Although it is difficult to infer cosmic ray properties (for example, the slope and normalization of their spectrum) from observations at a single wavelength, combining data across multiple wavelengths can paint a more complete picture. In today’s paper, the authors do exactly that: they bring together gamma-ray, X-ray, far-infrared (FIR), and radio observations of the starburst galaxy M82 to model the spectra of both cosmic ray protons and electrons. Remarkably, they are also able to estimate the strength of the galaxy’s magnetic field—without relying on the common “equipartition” assumption, which assumes that the energy density of the magnetic fields and the cosmic rays are equal to one another.
M82, famous for its intense star formation, has long been a favorite target for studying cosmic ray emission, as they are accelerated by shocks from supernova remnants. Earlier work showed that M82’s FIR, radio, and gamma-ray emission maps all correlate with one another, since each of these signals is linked to the galaxy’s rate of star formation, and thus to the production of cosmic rays.
Now, thanks to the measurements from the Chandra X-ray Observatory, the authors have added another piece to the puzzle. The spatially resolved, X-ray spectroscopic map of M82 matches both the morphology and spectral slope of the radio emission, suggesting that Compton scattering of FIR photons by cosmic ray electrons is the source of these X-ray emissions. With this, the picture comes together: for the first time, we can piece together a full, multi-wavelength view of cosmic rays in M82.
The authors determine the properties of cosmic rays in the central starburst region of M82 through a step-by-step approach:
1. Fitting cosmic ray protons with gamma-ray emission.
When cosmic ray protons collide with surrounding gas, they produce pions. Neutral pions decay into gamma-ray photons, while charged pions decay into electrons and positrons. The authors assume the proton spectrum follows a power law and fit it to the gamma-ray observations, leaving the slope and normalization as free parameters.
2. Determining the spectrum of secondary electrons.
Secondary electrons arise from the decay of charged pions, rather than from direct acceleration (like “primary” electrons). Their spectrum is set by the proton spectrum, but then shaped further by energy losses, which depend on the local gas density and magnetic field. These secondary electrons produce X-rays and synchrotron radiation, just like primaries.

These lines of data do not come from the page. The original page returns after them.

(* For all processes $s,t$ of a PTS over $A_\tau$, $s$ and $t$ are weak probabilistic trace equivalent if and only if $\mathcal{L}^{\mathrm{w}}(s)\equiv^\dagger\mathcal{L}^{\mathrm{w}}(t)$, i.e. every formula in $\mathcal{L}^{\mathrm{w}}(s)$ is $\equiv^\dagger$-related to some formula in $\mathcal{L}^{\mathrm{w}}(t)$ and vice versa.
   Context: PTS $(\mathcal{S},A_\tau,\to)$ with $A_\tau=A\cup\{\tau\}$, $\tau$ the silent action, finitely supported distributions; processes image-finite and finite. Computations $c=s_0\xrightarrow{a_1}\cdots\xrightarrow{a_n}s_n$ via transitions $s_{i-1}\xrightarrow{a_i}\pi_i$, $s_i\in\mathrm{supp}(\pi_i)$; $\Pr(c)=\prod\pi_i(s_i)$ (empty: 1); $|c|=n$; $\mathrm{tr}(c)=a_1\cdots a_n$; maximal = not a proper prefix of another computation from the same process; $\mathcal{C}_{\max}(z)$; $\Pr$ of a set is the sum. A resolution of $s$ is a PTS $\mathcal{Z}=(Z,A_\tau,\to_{\mathcal{Z}})$ with $\mathrm{corr}\colon Z\to\mathcal{S}$ and initial state $z_s$, $\mathrm{corr}(z_s)=s$, such that $z_s$ is in no target support, every other state is in the support of a target of a transition from a different state, every $z\xrightarrow{a}_{\mathcal{Z}}\pi$ is matched by $\mathrm{corr}(z)\xrightarrow{a}\pi'$ with $\pi(z')=\pi'(\mathrm{corr}(z'))$, and each state has at most one outgoing transition; $\mathrm{res}(s)$ the set of resolutions. Traces $\alpha\equiv\beta$ iff they coincide after deleting all $\tau$'s. For $\alpha\in A^\star$, $\mathcal{C}^{\mathrm{w}}(z,\alpha)$ is the set of computations $c$ from $z$ with $\mathrm{tr}(c)\equiv\alpha$ that are not proper prefixes of another computation $c'$ from $z$ with $\mathrm{tr}(c')\equiv\alpha$. $s,t$ are weak probabilistic trace equivalent iff for every $\mathcal{Z}_s\in\mathrm{res}(s)$ there is $\mathcal{Z}_t\in\mathrm{res}(t)$ with $\Pr(\mathcal{C}^{\mathrm{w}}(z_s,\alpha))=\Pr(\mathcal{C}^{\mathrm{w}}(z_t,\alpha))$ for all $\alpha\in A^\star$, and symmetrically. Logic $\mathcal{L}^{\mathrm{w}}$: trace formulae $\Phi::=\top\mid\langle a\rangle\Phi$ with $a\in A_\tau$, $\mathrm{depth}(\top)=0$, $\mathrm{depth}(\langle a\rangle\Phi)=1+\mathrm{depth}(\Phi)$; trace distribution formulae $\bigoplus_{i\in I}r_i\Phi_i$ ($I$ finite nonempty, $\Phi_i$ pairwise distinct, $r_i\in(0,1]$, $\sum r_i=1$), viewed as distributions on trace formulae. $c\models\top$ always; $c\models\langle a\rangle\Phi$ iff $c=s\xrightarrow{a}c'$ with $c'\models\Phi$. $s\models\bigoplus_i r_i\Phi_i$ iff some $\mathcal{Z}\in\mathrm{res}(s)$ with initial state $z$ satisfies $\Pr(\{c\in\mathcal{C}_{\max}(z):c\models\Phi_i,|c|=\mathrm{depth}(\Phi_i)\})=r_i$ for all $i$. $\mathcal{L}^{\mathrm{w}}(s)$ is the set of trace distribution formulae satisfied by $s$. Every trace formula is $\Phi_\alpha$ for a unique $\alpha\in A_\tau^\star$ ($\Phi_\varepsilon=\top$, $\Phi_{a\alpha}=\langle a\rangle\Phi_\alpha$); $\Phi_\alpha\equiv\Phi_\beta$ iff $\alpha\equiv\beta$; $\Psi_1\equiv^\dagger\Psi_2$ iff $\Psi_1,\Psi_2$ assign the same total probability to every $\equiv$-class of trace formulae. *)

theory Defs
  imports "HOL-Probability.Probability_Mass_Function"
begin

datatype 'a act = Tau | Act 'a

type_synonym ('s, 'a) pts = "('s \<times> 'a act \<times> 's pmf) set"

type_synonym ('s, 'a) comp = "('a act \<times> 's pmf \<times> 's) list"

inductive is_comp :: "('s, 'a) pts \<Rightarrow> 's \<Rightarrow> ('s, 'a) comp \<Rightarrow> bool" for T where
  comp_Nil: "is_comp T s []"
| comp_Cons: "(s, a, \<pi>) \<in> T \<Longrightarrow> s' \<in> set_pmf \<pi> \<Longrightarrow> is_comp T s' c
              \<Longrightarrow> is_comp T s ((a, \<pi>, s') # c)"

definition comps :: "('s, 'a) pts \<Rightarrow> 's \<Rightarrow> ('s, 'a) comp set" where
  "comps T s = {c. is_comp T s c}"

fun prob_comp :: "('s, 'a) comp \<Rightarrow> real" where
  "prob_comp [] = 1"
| "prob_comp ((a, \<pi>, s') # c) = pmf \<pi> s' * prob_comp c"

definition prob_set :: "('s, 'a) comp set \<Rightarrow> real" where
  "prob_set C = (\<Sum>c\<in>C. prob_comp c)"

definition trace :: "('s, 'a) comp \<Rightarrow> 'a act list" where
  "trace c = map fst c"

definition proper_prefix :: "'x list \<Rightarrow> 'x list \<Rightarrow> bool" where
  "proper_prefix c c' \<longleftrightarrow> (\<exists>d. d \<noteq> [] \<and> c' = c @ d)"

definition max_comps :: "('s, 'a) pts \<Rightarrow> 's \<Rightarrow> ('s, 'a) comp set" where
  "max_comps T s = {c \<in> comps T s. \<not> (\<exists>c'\<in>comps T s. proper_prefix c c')}"

fun vis :: "'a act list \<Rightarrow> 'a list" where
  "vis [] = []"
| "vis (Tau # xs) = vis xs"
| "vis (Act a # xs) = a # vis xs"

definition trace_equiv :: "'a act list \<Rightarrow> 'a act list \<Rightarrow> bool" where
  "trace_equiv \<alpha> \<beta> \<longleftrightarrow> vis \<alpha> = vis \<beta>"

definition weak_comps :: "('s, 'a) pts \<Rightarrow> 's \<Rightarrow> 'a list \<Rightarrow> ('s, 'a) comp set" where
  "weak_comps T z \<alpha> = {c \<in> comps T z. vis (trace c) = \<alpha> \<and>
      \<not> (\<exists>c'\<in>comps T z. vis (trace c') = \<alpha> \<and> proper_prefix c c')}"

definition is_resolution ::
  "('s, 'a) pts \<Rightarrow> 's \<Rightarrow> nat set \<Rightarrow> (nat, 'a) pts \<Rightarrow> (nat \<Rightarrow> 's) \<Rightarrow> nat \<Rightarrow> bool" where
  "is_resolution T s Z TZ corr z0 \<longleftrightarrow>
     z0 \<in> Z \<and> corr z0 = s \<and>
     (\<forall>(z, a, \<pi>)\<in>TZ. z \<in> Z \<and> set_pmf \<pi> \<subseteq> Z \<and> finite (set_pmf \<pi>)) \<and>
     (\<forall>(z, a, \<pi>)\<in>TZ. z0 \<notin> set_pmf \<pi>) \<and>
     (\<forall>z\<in>Z. z \<noteq> z0 \<longrightarrow> (\<exists>(z', a, \<pi>)\<in>TZ. z' \<noteq> z \<and> z \<in> set_pmf \<pi>)) \<and>
     (\<forall>(z, a, \<pi>)\<in>TZ. \<exists>\<pi>'. (corr z, a, \<pi>') \<in> T \<and>
          (\<forall>z'\<in>Z. pmf \<pi> z' = pmf \<pi>' (corr z'))) \<and>
     (\<forall>z a1 \<pi>1 a2 \<pi>2. (z, a1, \<pi>1) \<in> TZ \<longrightarrow> (z, a2, \<pi>2) \<in> TZ \<longrightarrow> a1 = a2 \<and> \<pi>1 = \<pi>2)"

definition wpt_sim :: "('s, 'a) pts \<Rightarrow> 's \<Rightarrow> 's \<Rightarrow> bool" where
  "wpt_sim T s t \<longleftrightarrow>
     (\<forall>Z TZ corr z. is_resolution T s Z TZ corr z \<longrightarrow>
        (\<exists>Z' TZ' corr' z'. is_resolution T t Z' TZ' corr' z' \<and>
           (\<forall>\<alpha>. prob_set (weak_comps TZ z \<alpha>) = prob_set (weak_comps TZ' z' \<alpha>))))"

definition weak_trace_equiv :: "('s, 'a) pts \<Rightarrow> 's \<Rightarrow> 's \<Rightarrow> bool" where
  "weak_trace_equiv T s t \<longleftrightarrow> wpt_sim T s t \<and> wpt_sim T t s"

datatype 'a tform = TTop | Diam "'a act" "'a tform"

fun depth :: "'a tform \<Rightarrow> nat" where
  "depth TTop = 0"
| "depth (Diam a \<Phi>) = Suc (depth \<Phi>)"

fun tf_trace :: "'a tform \<Rightarrow> 'a act list" where
  "tf_trace TTop = []"
| "tf_trace (Diam a \<Phi>) = a # tf_trace \<Phi>"

fun sat_c :: "('s, 'a) comp \<Rightarrow> 'a tform \<Rightarrow> bool" where
  "sat_c c TTop = True"
| "sat_c [] (Diam a \<Phi>) = False"
| "sat_c ((b, \<pi>, s') # c) (Diam a \<Phi>) = (b = a \<and> sat_c c \<Phi>)"

definition sat :: "('s, 'a) pts \<Rightarrow> 's \<Rightarrow> 'a tform pmf \<Rightarrow> bool" where
  "sat T s \<Psi> \<longleftrightarrow>
     (\<exists>Z TZ corr z. is_resolution T s Z TZ corr z \<and>
        (\<forall>\<Phi>\<in>set_pmf \<Psi>.
           prob_set {c \<in> max_comps TZ z. sat_c c \<Phi> \<and> length c = depth \<Phi>} = pmf \<Psi> \<Phi>))"

definition Lw :: "('s, 'a) pts \<Rightarrow> 's \<Rightarrow> 'a tform pmf set" where
  "Lw T s = {\<Psi>. finite (set_pmf \<Psi>) \<and> sat T s \<Psi>}"

definition tf_equiv :: "'a tform \<Rightarrow> 'a tform \<Rightarrow> bool" where
  "tf_equiv \<Phi> \<Phi>' \<longleftrightarrow> trace_equiv (tf_trace \<Phi>) (tf_trace \<Phi>')"

definition dag_equiv :: "'a tform pmf \<Rightarrow> 'a tform pmf \<Rightarrow> bool" where
  "dag_equiv \<Psi>1 \<Psi>2 \<longleftrightarrow>
     (\<forall>\<Phi>. measure_pmf.prob \<Psi>1 {\<Phi>'. tf_equiv \<Phi>' \<Phi>} = measure_pmf.prob \<Psi>2 {\<Phi>'. tf_equiv \<Phi>' \<Phi>})"

definition Lset_equiv :: "'a tform pmf set \<Rightarrow> 'a tform pmf set \<Rightarrow> bool" where
  "Lset_equiv L1 L2 \<longleftrightarrow>
     (\<forall>\<Psi>\<in>L1. \<exists>\<Psi>'\<in>L2. dag_equiv \<Psi> \<Psi>') \<and> (\<forall>\<Psi>'\<in>L2. \<exists>\<Psi>\<in>L1. dag_equiv \<Psi> \<Psi>')"

end

theory Submission
  imports Defs "HOL-Library.Sublist"
begin

text \<open>Every state of a resolution has at most one outgoing transition, so a resolution of a
  finite process induces a distribution on the traces of its maximal computations. The trace
  distribution formula satisfied by the resolution is exactly this distribution, read as a
  distribution on trace formulae, and the probability of the weak computations for \<alpha> is the
  probability that \<alpha> is a prefix of the visible part of the trace. Hence both sides of the
  equivalence compare resolutions through the distribution of visible traces: the relation
  dag_equiv compares it pointwise, weak trace equivalence compares its prefix probabilities, and
  these determine it because traces have bounded length.\<close>

section \<open>Distributions on finite and bounded lists\<close>

lemma pmf_bind_finite_support:
  assumes "finite (set_pmf p)"
  shows "pmf (bind_pmf p f) x = (\<Sum>z\<in>set_pmf p. pmf p z * pmf (f z) x)"
  unfolding pmf_bind by (subst integral_measure_pmf[OF assms]) auto

lemma measure_bind_pmf_finite_support:
  assumes "finite (set_pmf p)"
  shows "measure_pmf.prob (bind_pmf p f) A = (\<Sum>z\<in>set_pmf p. pmf p z * measure_pmf.prob (f z) A)"
proof -
  have "measure_pmf.prob (bind_pmf p f) A = pmf (map_pmf (\<lambda>x. x \<in> A) (bind_pmf p f)) True"
    by (simp add: pmf_map vimage_def)
  also have "\<dots> = pmf (bind_pmf p (\<lambda>z. map_pmf (\<lambda>x. x \<in> A) (f z))) True"
    by (simp add: map_bind_pmf)
  finally show ?thesis
    by (simp add: pmf_bind_finite_support[OF assms] pmf_map vimage_def)
qed

lemma pmf_map_Cons:
  "pmf (map_pmf (Cons a) p) \<beta> = (case \<beta> of [] \<Rightarrow> 0 | b # \<gamma> \<Rightarrow> if b = a then pmf p \<gamma> else 0)"
  by (auto simp: pmf_map_inj' intro!: pmf_map_outside split: list.split)

lemma pmf_eqI_finite_support:
  assumes fin: "finite (set_pmf p)" and eq: "\<And>x. x \<in> set_pmf p \<Longrightarrow> pmf p x = pmf q x"
  shows "p = q"
proof -
  have "measure_pmf.prob q (set_pmf p) = 1"
    using fin eq sum_pmf_eq_1[OF fin order_refl] by (simp add: measure_measure_pmf_finite)
  then have "set_pmf q \<subseteq> set_pmf p"
    by (subst (asm) measure_pmf.prob_eq_1) (auto simp: AE_measure_pmf_iff)
  then show ?thesis
    using eq by (intro pmf_eqI) (metis in_mono set_pmf_iff)
qed

lemma measure_pmf_prob_cong:
  assumes "\<And>x. x \<in> A \<Longrightarrow> pmf p x = pmf q x"
  shows "measure_pmf.prob p A = measure_pmf.prob q A"
  using assms by (simp add: measure_pmf_conv_infsetsum cong: infsetsum_cong)

lemma measure_pmf_prefix_split:
  "measure_pmf.prob Q {h. prefix g h} = pmf Q g + measure_pmf.prob Q {h. strict_prefix g h}"
proof -
  have "measure_pmf.prob Q ({g} \<union> {h. strict_prefix g h}) =
      pmf Q g + measure_pmf.prob Q {h. strict_prefix g h}"
    by (subst measure_pmf.finite_measure_Union) (auto simp: measure_pmf_single)
  moreover have "{g} \<union> {h. strict_prefix g h} = {h. prefix g h}"
    by (auto simp: strict_prefix_def)
  ultimately show ?thesis
    by simp
qed

text \<open>Induction on the length of g from above, since the mass of g is the mass of the
  cylinder above g minus that of the strictly longer lists in it.\<close>

lemma pmf_eqI_prefix:
  fixes Q1 Q2 :: "'x list pmf"
  assumes bounded: "set_pmf Q1 \<subseteq> {g. length g \<le> N}" "set_pmf Q2 \<subseteq> {g. length g \<le> N}"
    and eq: "\<And>g. measure_pmf.prob Q1 {h. prefix g h} = measure_pmf.prob Q2 {h. prefix g h}"
  shows "Q1 = Q2"
proof -
  have "pmf Q1 g = pmf Q2 g" if "N < length g + k" for g k
    using that
  proof (induction k arbitrary: g)
    case 0
    then show ?case
      using bounded by (simp add: set_pmf_eq subset_iff) (metis not_le)
  next
    case (Suc k)
    have "measure_pmf.prob Q1 {h. strict_prefix g h} = measure_pmf.prob Q2 {h. strict_prefix g h}"
    proof (rule measure_pmf_prob_cong)
      fix h assume "h \<in> {h. strict_prefix g h}"
      then have "length g < length h"
        by (simp add: prefix_length_less)
      then show "pmf Q1 h = pmf Q2 h"
        using Suc by simp
    qed
    then show ?case
      using eq[of g] by (simp add: measure_pmf_prefix_split)
  qed
  from this[of _ "Suc N"] show ?thesis
    by (intro pmf_eqI) simp
qed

3. Modeling the ambient radiation field.
Because cosmic ray electrons scatter background photons up to X-ray energies, the intensity of the radiation field must also be known. The authors find that the field is dominated by light from local stars and dust, which they model with a Planck blackbody spectrum modified by a dust emissivity function. Using FIR data, they fix most parameters and leave only the dust emissivity index, β, as free parameter.
4. Fitting the X-ray data to obtain the primary electron spectrum.
With the ambient radiation field in hand, the authors fit the X-ray emission using a power-law electron spectrum, extracting the slope and normalization of the primary cosmic ray electrons.
5. Measuring the magnetic field.
With both primary and secondary electron spectra determined, they fit the resulting synchrotron emission around GHz frequencies to obtain the volume-weighted magnetic field strength.
Finally, the electron spectrum is also used to calculate how much cosmic ray electrons contribute to gamma rays via non-thermal bremsstrahlung and inverse Compton scattering. To ensure consistency, the authors repeat steps 1–5 iteratively until all pieces fit together.
Figure 1. The fitted gamma-ray and X-ray emission spectrum of M82. The x-axis presents the frequency, and the y-axis presents the gamma-ray/X-ray flux. Data points above 1022 Hz correspond to gamma-ray observations, while the single point near 1018 Hz marks the newly added X-ray continuum measurement. The solid line shows the total modeled emission. The dashed line indicates inverse-Compton scattering from cosmic ray electrons, the dotted line shows gamma rays from cosmic ray protons, and the dot-dashed line represents non-thermal bremsstrahlung emission from cosmic ray electrons.
The final fit to the gamma-ray and X-ray spectrum reveals that gamma-ray emission is dominated by cosmic ray protons (dotted line), while X-ray emission is dominated by cosmic ray electrons (dashed line), just as expected. Interestingly, a local dip appears around 1022 Hz, marking the transition from proton-dominated to electron-dominated emission. This feature shows up both in the observed gamma-ray data and in the model fit, confirming the consistency of the analysis.
Figure 2. The fitted radio emission spectrum of M82. Again, the x-axis represents frequency, and the y-axis represents flux in units of Jansky. The solid line shows the total modeled emission. The short dashed line corresponds to synchrotron emission from primary cosmic ray electrons, the dotted line to synchrotron emission from secondary cosmic ray electrons, and the long dashed line to free–free emission. The turnover at low frequencies is caused by thermal free–free absorption.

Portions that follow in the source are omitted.